I am working with an ex termly large datfarem. Here is a sample:
import pandas as pd
import numpy as np
df = pd.DataFrame({
'ID': ['A', 'A', 'A', 'X', 'X', 'Y'],
})
ID
0 A
1 A
2 A
3 X
4 X
5 Y
Now, given the frequency of each value in column '''ID''', I want to calculate a weight using the function below and add a column that has the weight associated with each value in '''ID'''.
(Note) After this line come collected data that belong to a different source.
lemma schur_coupling:
  fixes z :: complex
  assumes D: "block_det z \<noteq> 0" and "i \<le> M"
  shows "(\<Sum>a\<in>S1 l. \<Sum>b\<in>S1 l. complex_of_real (H (3 * i) a) * resX l p \<beta> (real k / 3) 0 z a b
                                * complex_of_real (H b (3 * j)))
       = (p - 1) / block_det z
         * (lap (l - 1) p i (i + 1) * (dX z * of_bool (j = i) + p * of_bool (j = i + 1))
            + (if 0 < i then lap (l - 1) p i (i - 1) else 0) * (dX z * of_bool (j = i) + p * of_bool (j + 1 = i)))"
proof -
  have "(\<Sum>a\<in>S1 l. \<Sum>b\<in>S1 l. complex_of_real (H (3 * i) a) * resX l p \<beta> (real k / 3) 0 z a b
                                * complex_of_real (H b (3 * j)))
      = (\<Sum>a\<in>S1 l. complex_of_real (H (3 * i) a) * resX_J z a (3 * j))"
    by (simp add: sum_distrib_left mult.assoc)
  also have "\<dots> = (if 3 * i + 1 \<in> S1 l then H (3 * i) (3 * i + 1) * resX_J z (3 * i + 1) (3 * j) else 0)
                  + (if 3 * i - 1 \<in> S1 l then H (3 * i) (3 * i - 1) * resX_J z (3 * i - 1) (3 * j) else 0)"
    by (rule sum_tridiagonal) (simp_all add: finite_S1 mem_S1_iff smH_eq_0)
  also have "(if 3 * i + 1 \<in> S1 l then H (3 * i) (3 * i + 1) * resX_J z (3 * i + 1) (3 * j) else 0)
      = (p - 1) / block_det z * (lap (l - 1) p i (i + 1) * (dX z * of_bool (j = i) + p * of_bool (j = i + 1)))"
  proof (cases "i < M")
    case True
    then have "3 * i + 1 \<in> S1 l" by (rule mult_3_succ_in_S1)
    then show ?thesis unfolding resX_J_succ[OF D True] smH_mult_3_succ by (simp add: mult_ac)
  next
    case False
    then have "i = M" using assms(2) by simp
    moreover have "lap (l - 1) p M (M + 1) = 0" by (simp add: lap_def M_def)
    ultimately show ?thesis by (simp add: mem_S1_iff)
  qed
  also have "(if 3 * i - 1 \<in> S1 l then H (3 * i) (3 * i - 1) * resX_J z (3 * i - 1) (3 * j) else 0)
      = (p - 1) / block_det z
        * ((if 0 < i then lap (l - 1) p i (i - 1) else 0) * (dX z * of_bool (j = i) + p * of_bool (j + 1 = i)))"
  proof (cases "0 < i")
    case True
    then have "3 * i - 1 \<in> S1 l" using assms(2) by (rule mult_3_pred_in_S1)
    then show ?thesis
      unfolding resX_J_pred[OF D True assms(2)] smH_mult_3_pred[OF True] using True by (simp add: mult_ac)
  qed (simp add: mem_S1_iff)
  finally show ?thesis by (simp add: distrib_left)
qed

lemma schur_mult_3_eq:
  fixes z :: complex
  assumes D: "block_det z \<noteq> 0" and i: "i \<le> M"
  shows "schur l p \<beta> (real k / 3) 0 z (3 * i) (3 * j)
       = p * (1 - p) / block_det z * lap (l - 1) p i j
         - (if i = j then z - \<beta> + (1 - p) * (dX z + p) / block_det z else 0)"
proof -
  define Lp where "Lp = complex_of_real (lap (l - 1) p i (i + 1))"
  define Lm where "Lm = complex_of_real (if 0 < i then lap (l - 1) p i (i - 1) else 0)"
  have "Lp + Lm = - 1"
    unfolding Lp_def Lm_def of_real_add[symmetric] lap_row_sum by simp
  then have row_sum: "Lm = - 1 - Lp" by (simp add: eq_diff_eq add.commute)
  have lap_ij: "lap (l - 1) p i j = of_bool (j = i) + of_bool (j = i + 1) * Lp + of_bool (j + 1 = i) * Lm"
    unfolding Lp_def Lm_def by (subst lap_tridiagonal) auto
  have "schur l p \<beta> (real k / 3) 0 z (3 * i) (3 * j)
      = \<beta> * of_bool (i = j) - (if i = j then z else 0)
        - (p - 1) / block_det z * (Lp * (dX z * of_bool (j = i) + p * of_bool (j = i + 1))
                                  + Lm * (dX z * of_bool (j = i) + p * of_bool (j + 1 = i)))"
    unfolding schur_def schur_coupling[OF D i] smH_S0_S0 Lp_def Lm_def by simp
  also have "\<dots> = p * (1 - p) / block_det z * lap (l - 1) p i j
                  - (if i = j then z - \<beta> + (1 - p) * (dX z + p) / block_det z else 0)"
  proof -
    define d where "d = dX z"
    define Dz where "Dz = d\<^sup>2 - (complex_of_real p)\<^sup>2"
    have "Dz \<noteq> 0" using D unfolding Dz_def d_def .
    then show ?thesis
      unfolding lap_ij row_sum d_def[symmetric] unfolding Dz_def[symmetric]
      by (cases "i = j") (simp_all add: field_simps)
  qed
  finally show ?thesis .
qed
def get_weights_inverse_num_of_samples(label_counts, power=1.):
no_of_classes = len(label_counts)
weights_for_samples = 1.0/np.power(np.array(label_counts), power)
weights_for_samples = weights_for_samples/ np.sum(weights_for_samples)*no_of_classes
return weights_for_samples
freq = df.value_counts()
print(freq)
ID
A 3
X 2
Y 1
weights = get_weights_inverse_num_of_samples(freq)
print(weights)
[0.54545455 0.81818182 1.63636364]
So, I am looking for an efficient way to get a dataframe like this given the above weights:
ID sample_weight
0 A 0.54545455
1 A 0.54545455
2 A 0.54545455
3 X 0.81818182
4 X 0.81818182
5 Y 1.63636364
CodePudding user response:
You can map
the values:
df['sample_weight'] = df['ID'].map(dict(zip(freq.index.get_level_values(0), weights)))
NB. value_counts
returns a MultiIndex with a single level, thus the needed get_level_values
.
As noted by @ScottBoston, a better approach would be to use:
freq = df['ID'].value_counts()
df['sample_weight'] = df['ID'].map(dict(zip(freq.index, weights)))
Output:
ID sample_weight
0 A 0.545455
1 A 0.545455
2 A 0.545455
3 X 0.818182
4 X 0.818182
5 Y 1.636364
CodePudding user response:
If you rely on duck-typing a little bit more, you can rewrite your function to return the same input type as outputted.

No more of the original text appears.